Ladies First puntata #8: Star-t-Uffo

 
Episodio 8 per la rubrica di Casa, Ladies First. La super ospite di questo appuntamento la stiamo seguendo da diverso tempo e non potevamo certo farcela sfuggire. Siamo davvero contenti di questa intervista ed anche se la sua figura rimane tutt’ora un po’ avvolta nel mistero, abbiamo avuto l’occasione di conoscerla un pochino meglio, sia dal lato personale che sul fronte musicale connotato da mille sfaccettature. Siamo certi che avrete già sentito/letto il suo alias (anche su dischi importanti) e che coglierete con noi questa occasione per saperne di più.
Lei è Sarah Tartuffo all’anagrafe, per le sue produzioni noi la conosciamo come Star-t-Uffo, passaporto francese, nata e cresciuta a Parigi. All’università ha studiato la lingua inglese, ma anche recitazione e teatro. É in Italia da quando ha iniziato a collaborare con D-Ross e nel suo percorso con RC Music ha lavorato a stretto contatto con molti rapper. É sul disco di Fabri Fibra “Squallor” con la produzione del pezzo “A volte” feat. Gel; il suo lavoro con Luchè è noto, infatti ha ben due produzioni sull’ultimo album “Malammore”; ha collaborato con Guè Pequeno e Jake la Furia; a chiudere “Darkswing” di Francesco Paura c’è sempre lei sul brano “Il motivo” feat. Greg Rega.

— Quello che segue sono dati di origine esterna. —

lemma delta_k_le:
  assumes "k \<ge> 2"
  shows "delta_k k \<le> 1 / (2 ^ (2 * k + 11) * real k ^ 9)"
proof -
  have pi_sq: "pi\<^sup>2 \<le> 16"
    using pi_less_4 power_mono[of pi 4 2] by simp
  show ?thesis
  proof (cases "k = 2")
    case True
    have "delta_k k \<le> 16 / (2 ^ 7 * 128 ^ 4)"
      using pi_sq True by (simp add: delta_k_def Ck_def divide_right_mono)
    then show ?thesis
      using True by simp
  next
    case False
    then have k: "k \<ge> 3"
      using assms by simp
    have "(real k ^ 3) ^ (2 * k) \<le> Ck k ^ (2 * k)"
      using Ck_ge_cube[OF k] by (intro power_mono) auto
    then have Ck: "real k ^ (6 * k) \<le> Ck k ^ (2 * k)"
      by (simp add: power_mult[symmetric])
    have "delta_k k \<le> 16 / (2 ^ (2 * k + 3) * real k ^ (6 * k))"
      unfolding delta_k_def using pi_sq Ck k by (intro frac_le mult_left_mono) auto
    moreover have "2 ^ 12 * real k ^ 9 \<le> real k ^ (6 * k)"
    proof -
      have "2 ^ 12 * real k ^ 9 \<le> real k ^ 9 * real k ^ 9"
        using k power_mono[of 3 "real k" 9] by (intro mult_right_mono) auto
      also have "\<dots> \<le> real k ^ 9 * real k ^ (6 * k - 9)"
        using k by (intro mult_left_mono power_increasing) auto
      also have "\<dots> = real k ^ (6 * k)"
        using k by (simp flip: power_add)
      finally show ?thesis .
    qed
    then have "16 / (2 ^ (2 * k + 3) * real k ^ (6 * k)) \<le> 16 / (2 ^ (2 * k + 3) * (2 ^ 12 * real k ^ 9))"
      using k by (intro divide_left_mono mult_left_mono mult_pos_pos) auto
    also have "\<dots> = 1 / (2 ^ (2 * k + 11) * real k ^ 9)"
      by (simp add: power_add)
    ultimately show ?thesis
      by linarith
  qed
qed

lemma delta_k_le_generic: "k \<ge> 2 \<Longrightarrow> delta_k k \<le> 1 / (16000 * real k ^ 9)"
proof -
  assume k: "k \<ge> 2"
  have "(16000::real) \<le> 2 ^ 15" by simp
  also have "\<dots> \<le> 2 ^ (2 * k + 11)"
    using k by (intro power_increasing) auto
  finally have "1 / (2 ^ (2 * k + 11) * real k ^ 9) \<le> 1 / (16000 * real k ^ 9)"
    using k by (intro divide_left_mono mult_right_mono) auto
  then show ?thesis
    using delta_k_le[OF k] by linarith
qed

lemma delta_k_le_of_modulus_le:
  assumes "k \<ge> 2" "q > 0" "q \<le> k\<^sup>2 * 2 ^ (k + 3)"
  shows "delta_k k \<le> 1 / (32 * real k * (real q)\<^sup>2)"
proof -
  have "real q \<le> real (k\<^sup>2 * 2 ^ (k + 3))"
    using assms(3) by (simp only: of_nat_le_iff)
  then have "real q \<le> real k ^ 2 * 2 ^ (k + 3)"
    by simp
  then have "32 * real k * (real q)\<^sup>2 \<le> 32 * real k * (real k ^ 2 * 2 ^ (k + 3))\<^sup>2"
    by (intro mult_left_mono power_mono) auto
  also have "\<dots> = 2 ^ (2 * k + 11) * real k ^ 5"
    by (simp add: power_mult_distrib power_add flip: power_mult) (simp add: mult.commute[of k 2] eval_nat_numeral)
  also have "\<dots> \<le> 2 ^ (2 * k + 11) * real k ^ 9"
    using assms(1) by (intro mult_left_mono power_increasing) auto
  finally have "1 / (2 ^ (2 * k + 11) * real k ^ 9) \<le> 1 / (32 * real k * (real q)\<^sup>2)"
    using assms(1,2) by (intro divide_left_mono) auto
  then show ?thesis
    using delta_k_le[OF assms(1)] by linarith
qed

lemma abs_cos_phase_eq_of_degenerate:
  assumes "q > 0" "int q dvd 2 * (int l ^ k - 1)"
  shows "\<bar>cos (2 * pi * real_of_int (a * int l ^ k) / real q - \<psi>)\<bar>
           = \<bar>cos (2 * pi * real_of_int a / real q - \<psi>)\<bar>"
proof -
  obtain n where n: "2 * (int l ^ k - 1) = int q * n"
    using assms(2) by (rule dvdE)
  have "2 * real l ^ k - 2 = real q * real_of_int n"
    using arg_cong[OF n, of real_of_int] by simp
  then have "2 * pi * real_of_int (a * int l ^ k) / real q - \<psi>
      = (2 * pi * real_of_int a / real q - \<psi>) + pi * of_int (a * n)"
    using assms(1) by (simp add: field_simps)
  then show ?thesis
    by (simp only: abs_cos_add_int_pi)
qed
lemma picard_map_bcontfun:
  fixes g :: "'a::banach \<Rightarrow> 'a"
  assumes lip: "K-lipschitz_on (cball 0 1) g" and "0 \<le> \<delta>" and u: "u \<in> PiC UNIV (\<lambda>_. cball 0 1)"
  shows "picard_map \<delta> g u \<in> bcontfun" and "norm (picard_map \<delta> g u s) \<le> \<delta> * (norm (g 0) + K)"
proof -
  have gu: "continuous_on S (\<lambda>r. g (u r))" for S
    by (rule continuous_on_lipschitz_comp[OF lip u])
  have bound: "norm (picard_map \<delta> g u s) \<le> \<delta> * (norm (g 0) + K)" for s
  proof -
    have "norm (picard_map \<delta> g u s) \<le> (norm (g 0) + K) * (clamp 0 \<delta> s - 0)"
      unfolding picard_map_def
    proof (rule integral_bound)
      show "0 \<le> clamp 0 \<delta> s"
        using clamp_real_mem[OF \<open>0 \<le> \<delta>\<close>] by auto
      show "norm (g (u r)) \<le> norm (g 0) + K" for r
        using lipschitz_on_cball_norm_le[OF lip, of "u r"] u by (simp add: mem_PiC_iff Pi_iff)
    qed (rule gu)
    also have "\<dots> \<le> \<delta> * (norm (g 0) + K)"
      using clamp_real_mem[OF \<open>0 \<le> \<delta>\<close>, of s] lipschitz_on_nonneg[OF lip]
      by (simp add: mult.commute[of \<delta>] mult_left_mono)
    finally show ?thesis .
  qed
  have "continuous_on {0..\<delta>} (\<lambda>t. integral {0..t} (\<lambda>r. g (u r)))"
    by (intro indefinite_integral_continuous_1 integrable_continuous_real gu)
  then have "continuous_on UNIV (picard_map \<delta> g u)"
    unfolding picard_map_def[abs_def] by (intro clamp_continuous_on) simp
  then show "picard_map \<delta> g u \<in> bcontfun"
    using bound by (rule bcontfun_normI)
  show "norm (picard_map \<delta> g u s) \<le> \<delta> * (norm (g 0) + K)"
    by (rule bound)
qed
lemma leading_coefficient_eigen:
  assumes k: "1 \<le> k" and res: "\<forall>\<^sub>F z in at l. in_resolvent_set B z"
    and lim: "(scaled_resolvent B l k \<longlongrightarrow> Q) (at l)"
  shows "(cx_op B - cx_scalar l) o\<^sub>L Q = 0" and "Q o\<^sub>L (cx_op B - cx_scalar l) = 0"
proof -
  let ?G = "scaled_resolvent B l k" and ?X = "cx_op B - cx_scalar l"
  have X: "?X = cx_scalar (z - l) - cx_shift B z" for z
    by (simp add: cx_shift_def cx_scalar_diff)
  have vanish: "((\<lambda>z. cx_scalar ((z - l) ^ k)) \<longlongrightarrow> 0) (at l)"
    using k by (intro tendsto_eq_intros) (auto simp: power_0_left)
  have "((\<lambda>z. (cx_scalar (z - l) o\<^sub>L ?G z) - cx_scalar ((z - l) ^ k)) \<longlongrightarrow> (cx_scalar (l - l) o\<^sub>L Q) - 0) (at l)"
    by (intro tendsto_intros lim vanish)
  moreover have "((\<lambda>z. ?X o\<^sub>L ?G z) \<longlongrightarrow> ?X o\<^sub>L Q) (at l)"
    by (intro tendsto_intros lim)
  moreover have "\<forall>\<^sub>F z in at l. (cx_scalar (z - l) o\<^sub>L ?G z) - cx_scalar ((z - l) ^ k) = ?X o\<^sub>L ?G z"
  proof (rule eventually_mono[OF res])
    fix z assume "in_resolvent_set B z"
    then show "(cx_scalar (z - l) o\<^sub>L ?G z) - cx_scalar ((z - l) ^ k) = ?X o\<^sub>L ?G z"
      unfolding X[of z] by (simp add: blinfun_compose_diff_left scaled_resolvent_identities(1))
  qed
  ultimately show "?X o\<^sub>L Q = 0"
    using tendsto_unique_eventually_eq[OF at_neq_bot] by fastforce
  have "((\<lambda>z. (?G z o\<^sub>L cx_scalar (z - l)) - cx_scalar ((z - l) ^ k)) \<longlongrightarrow> (Q o\<^sub>L cx_scalar (l - l)) - 0) (at l)"
    by (intro tendsto_intros lim vanish)
  moreover have "((\<lambda>z. ?G z o\<^sub>L ?X) \<longlongrightarrow> Q o\<^sub>L ?X) (at l)"
    by (intro tendsto_intros lim)
  moreover have "\<forall>\<^sub>F z in at l. (?G z o\<^sub>L cx_scalar (z - l)) - cx_scalar ((z - l) ^ k) = ?G z o\<^sub>L ?X"
  proof (rule eventually_mono[OF res])
    fix z assume "in_resolvent_set B z"
    then show "(?G z o\<^sub>L cx_scalar (z - l)) - cx_scalar ((z - l) ^ k) = ?G z o\<^sub>L ?X"
      unfolding X[of z] by (simp add: blinfun_compose_diff_right scaled_resolvent_identities(2))
  qed
  ultimately show "Q o\<^sub>L ?X = 0"
    using tendsto_unique_eventually_eq[OF at_neq_bot] by fastforce
qed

Ci sono poi i lavori fatti con LucarielloEnzo Dong e i Fuossera, oltre a cantanti come Franco Ricciardi, Ivan Granatino, Raiz e Da Blonde.
Anche i suoi remix riscuotono successo tant’è che, per fare un esempio, ha ricevuto i complimenti dallo stesso Jovanotti per il suo rmx del brano “Ti porto via con me”.



Iniziamo allora con l’intervista. Per farlo partiamo dalle domande d’apertura:
 
Prima di parlare del tuo lavoro, qual è il tuo background personale legato alla musica e cosa ha fatto scattare in te questa passione?
Non so cosa abbia fatto scattare questa passione, all’età di 3 anni volevo un pianoforte. Quando per Natale, mi regalarono un giocattolo di plastica, lo misi da parte e specificai che volevo quello vero.
Fino all’adolescenza, ho studiato al conservatorio, ho abbandonato perché il metodo d’insegnamento era troppo scolastico.
Dopo ho iniziato a scrivere canzoni nella mia stanza.
É diventato “serio” quando ho incontrato Rosario.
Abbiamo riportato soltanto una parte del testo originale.